Prince,
I'm not denying the food component to commercial fishing. I think it would be awful for the bass to be reduced to living as a farm raised species, effectively extinct in the wild. Merely pointing out that full-time industrial scale striped bass fishing, as an industry, is (for all intents and purposes) dead. No matter what brilliant management plan is created, the commercial industry for stripers isn't going to be revived to it's former glory. That's just fact. Only a tiny handful of commerical fishing companies (mainly muti-generation family businesses) continue the practice. And even then stripers only make up a portion of their yearly revenues.
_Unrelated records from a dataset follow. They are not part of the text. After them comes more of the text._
lemma scaleR_if_additive_unimodular:
  fixes f :: "'a::complex_banach_algebra \<Rightarrow> 'b::complex_banach_algebra"
  assumes add: "\<And>x y. f (x + y) = f x + f y"
    and unimodular: "\<And>\<mu> x. cmod \<mu> = 1 \<Longrightarrow> f (\<mu> *\<^sub>C x) = \<mu> *\<^sub>C f x"
  shows "f (t *\<^sub>R x) = t *\<^sub>R f x"
proof -
  have small: "f (s *\<^sub>R x) = s *\<^sub>R f x" if "\<bar>s\<bar> \<le> 2" for s x
  proof -
    \<comment> \<open>\<open>s = \<mu> + cnj \<mu>\<close> for a unimodular \<open>\<mu>\<close> with real part \<open>s/2\<close>\<close>
    define \<mu> where "\<mu> = Complex (s / 2) (sqrt (1 - (s / 2)\<^sup>2))"
    have "(s / 2)\<^sup>2 \<le> 1" using that by (simp add: abs_square_le_1)
    then have \<mu>: "cmod \<mu> = 1" "cmod (cnj \<mu>) = 1" unfolding \<mu>_def cmod_def by simp_all
    have s: "\<mu> + cnj \<mu> = complex_of_real s" unfolding \<mu>_def by (simp add: complex_eq_iff)
    have "f (s *\<^sub>R x) = f ((\<mu> + cnj \<mu>) *\<^sub>C x)" by (simp add: s scaleC_of_real)
    also have "\<dots> = (\<mu> + cnj \<mu>) *\<^sub>C f x" by (simp add: scaleC_add_left add unimodular \<mu>)
    finally show ?thesis by (simp add: s scaleC_of_real)
  qed
  define m where "m = nat \<lceil>\<bar>t\<bar>\<rceil> + 1"
  have m: "real m > 0" unfolding m_def by (simp add: add_pos_nonneg)
  have "\<bar>t\<bar> \<le> real m" unfolding m_def by linarith
  with m have small_t: "\<bar>t / real m\<bar> \<le> 2" by (simp add: divide_le_eq)
  have "f (t *\<^sub>R x) = f (real m *\<^sub>R (t / real m) *\<^sub>R x)" using m by simp
  also have "\<dots> = real m *\<^sub>R (t / real m) *\<^sub>R f x"
    by (simp only: scaleR_of_nat_if_additive[OF add] small[OF small_t])
  also have "\<dots> = t *\<^sub>R f x" using m by simp
  finally show ?thesis .
qed

lemma scaleC_zero_left: "(0::complex) *\<^sub>C x = 0"
  using norm_scaleC[of 0 x] by simp

lemma scaleC_if_additive_unimodular:
  fixes f :: "'a::complex_banach_algebra \<Rightarrow> 'b::complex_banach_algebra"
  assumes add: "\<And>x y. f (x + y) = f x + f y"
    and unimodular: "\<And>\<mu> x. cmod \<mu> = 1 \<Longrightarrow> f (\<mu> *\<^sub>C x) = \<mu> *\<^sub>C f x"
  shows "f (c *\<^sub>C x) = c *\<^sub>C f x"
proof (cases "c = 0")
  case True
  then show ?thesis
    using scaleR_if_additive_unimodular[OF assms, of 0 x] by (simp add: scaleC_zero_left)
next
  case False
  define u where "u = c / complex_of_real (cmod c)"
  have u: "cmod u = 1" unfolding u_def using False by (simp add: norm_divide)
  have c: "c = complex_of_real (cmod c) * u" unfolding u_def using False by simp
  have "f (c *\<^sub>C x) = f (cmod c *\<^sub>R u *\<^sub>C x)"
    by (subst c) (simp add: scaleC_scaleC[symmetric] scaleC_of_real)
  also have "\<dots> = cmod c *\<^sub>R u *\<^sub>C f x"
    by (simp add: scaleR_if_additive_unimodular[OF assms] unimodular[OF u])
  also have "\<dots> = c *\<^sub>C f x"
    by (subst (2) c) (simp add: scaleC_scaleC[symmetric] scaleC_of_real)
  finally show ?thesis .
qed

lemma jordan_exact_if_defect_le:
  fixes f :: "'a::real_normed_algebra \<Rightarrow> 'a"
  assumes n: "n \<ge> 2" and r: "r < 1/2"
    and homogeneous: "\<And>t x. f (t *\<^sub>R x) = t *\<^sub>R f x"
    and defect: "\<And>a. norm (f (spow a (n - 1)) - jordan_sum n f a) \<le> \<theta> * norm a powr (2 * r)"
  shows "f (spow a (n - 1)) = jordan_sum n f a"
proof -
  let ?N = "norm (f (spow a (n - 1)) - jordan_sum n f a)"
  have "?N = 0"
  proof (rule eq_zero_if_geometric_bound[where b = "2 powr (2 * r)" and c = "2 ^ n"])
    fix k :: nat
    let ?t = "2 ^ k :: real"
    have "Suc (n - 1) = n" using n by simp
    then have "(2 ^ n) ^ k * ?N = norm (f (spow (?t *\<^sub>R a) (n - 1)) - jordan_sum n f (?t *\<^sub>R a))"
      by (simp add: spow_scaleR homogeneous jordan_sum_scaleR[OF n] scaleR_diff_right[symmetric]
          power_mult[symmetric] mult.commute)
    also have "\<dots> \<le> \<theta> * norm a powr (2 * r) * (2 powr (2 * r)) ^ k"
      using defect[of "?t *\<^sub>R a"] by (simp only: norm_scaleR_two_power_powr mult_ac)
    finally show "(2 ^ n) ^ k * ?N \<le> \<theta> * norm a powr (2 * r) * (2 powr (2 * r)) ^ k" .
  next
    have "(2::real) ^ 1 \<le> 2 ^ n" using n by (intro power_increasing) auto
    then show "2 powr (2 * r) < 2 ^ n" using two_powr_less_two[of "2 * r"] r by simp
  qed auto
  then show ?thesis by simp
qed

text \<open>No lower bound on \<open>r\<close> is needed: in Isabelle \<open>0 powr r = 0\<close> for every \<open>r\<close>.\<close>

lemma n_jordan_derivation_if_approximate:
  fixes f :: "'a::complex_banach_algebra \<Rightarrow> 'a"
  assumes n: "n \<ge> 2" and r: "r < 1/2"
    and approx: "\<And>\<mu> x y a. cmod \<mu> = 1 \<Longrightarrow>
      norm (\<mu> *\<^sub>C f ((1/2) *\<^sub>R (x + y)) + \<mu> *\<^sub>C f ((1/2) *\<^sub>R (x - y)) - f (\<mu> *\<^sub>C x)
            + f (spow a (n - 1)) - jordan_sum n f a)
      \<le> \<theta> * (norm x powr r * norm y powr r + norm a powr (2 * r))"
  shows "n_jordan_derivation n f"
proof -
  have "norm (f 0 + f 0) \<le> 0"
    using approx[of 1 0 0 0] by (simp add: scaleC_one spow_zero jordan_sum_zero)
  then have "2 *\<^sub>R f 0 = 0" by (simp add: scaleR_2)
  then have f0: "f 0 = 0" by simp
  have halves: "f (\<mu> *\<^sub>C x) = \<mu> *\<^sub>C (f ((1/2) *\<^sub>R x) + f ((1/2) *\<^sub>R x))" if "cmod \<mu> = 1" for \<mu> x
    using approx[OF that, of x 0 0] f0 by (simp add: spow_zero jordan_sum_zero scaleC_add_right)
  have unimodular: "f (\<mu> *\<^sub>C x) = \<mu> *\<^sub>C f x" if "cmod \<mu> = 1" for \<mu> x
    using halves[OF that, of x] halves[of 1 x] by (simp add: scaleC_one)
  have double: "f (2 *\<^sub>R x) = 2 *\<^sub>R f x" for x
    using halves[of 1 "2 *\<^sub>R x"] by (simp add: scaleC_one scaleR_2)
  have "norm (f u + f v - f (u + v)) \<le> \<theta> * (norm (u + v) powr r * norm (u - v) powr r)" for u v
  proof -
    have "(1/2) *\<^sub>R ((u + v) + (u - v)) = u" "(1/2) *\<^sub>R ((u + v) - (u - v)) = v"
      by (simp_all add: scaleR_2[symmetric] del: scaleR_2)
    then show ?thesis
      using approx[of 1 "u + v" "u - v" 0] f0 by (simp add: scaleC_one spow_zero jordan_sum_zero)
  qed
  then have add: "f (u + v) = f u + f v" for u v
    by (rule additive_if_cauchy_defect_le[where f = f, OF r double])
  have "norm (f (spow a (n - 1)) - jordan_sum n f a) \<le> \<theta> * norm a powr (2 * r)" for a
    using approx[of 1 0 0 a] f0 by (simp add: scaleC_one)
  then have "f (spow a (n - 1)) = jordan_sum n f a" for a
    using jordan_exact_if_defect_le[OF n r scaleR_if_additive_unimodular[OF add unimodular]] by blast
  with add scaleC_if_additive_unimodular[OF add unimodular] show ?thesis
    unfolding n_jordan_derivation_def by blast
qed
I have no problem with the commerical rod&reel taging business, with some limits, as suppliment to farm fish. But the realities are that the striper fishery simply can not, and probably never will again, support both wide scale commercial bass fishing as well as recreational fishing. We can debate the reasons why the fishery won't support both and mourn the days gone by, but that is the fact.
Now, given the clearly limited resource of the striper, compare the numbers of people employed in the commercial bass industry vs. the recreational industry. I don't mean to reduce someone's livelihood to cold numbers, but the figures speak for themselves. Recreational anglers bring more positive economic value to a community/region/state (both private and public sectors) than the commercial industry.
We are reaching a point where hard choices have to be made. And as often happens with hard choices you can't please both sides. It is simply unwise and blind-sighted to overlook all the sales/revenues the recreational industry generates in favor of an ever shrinking industry.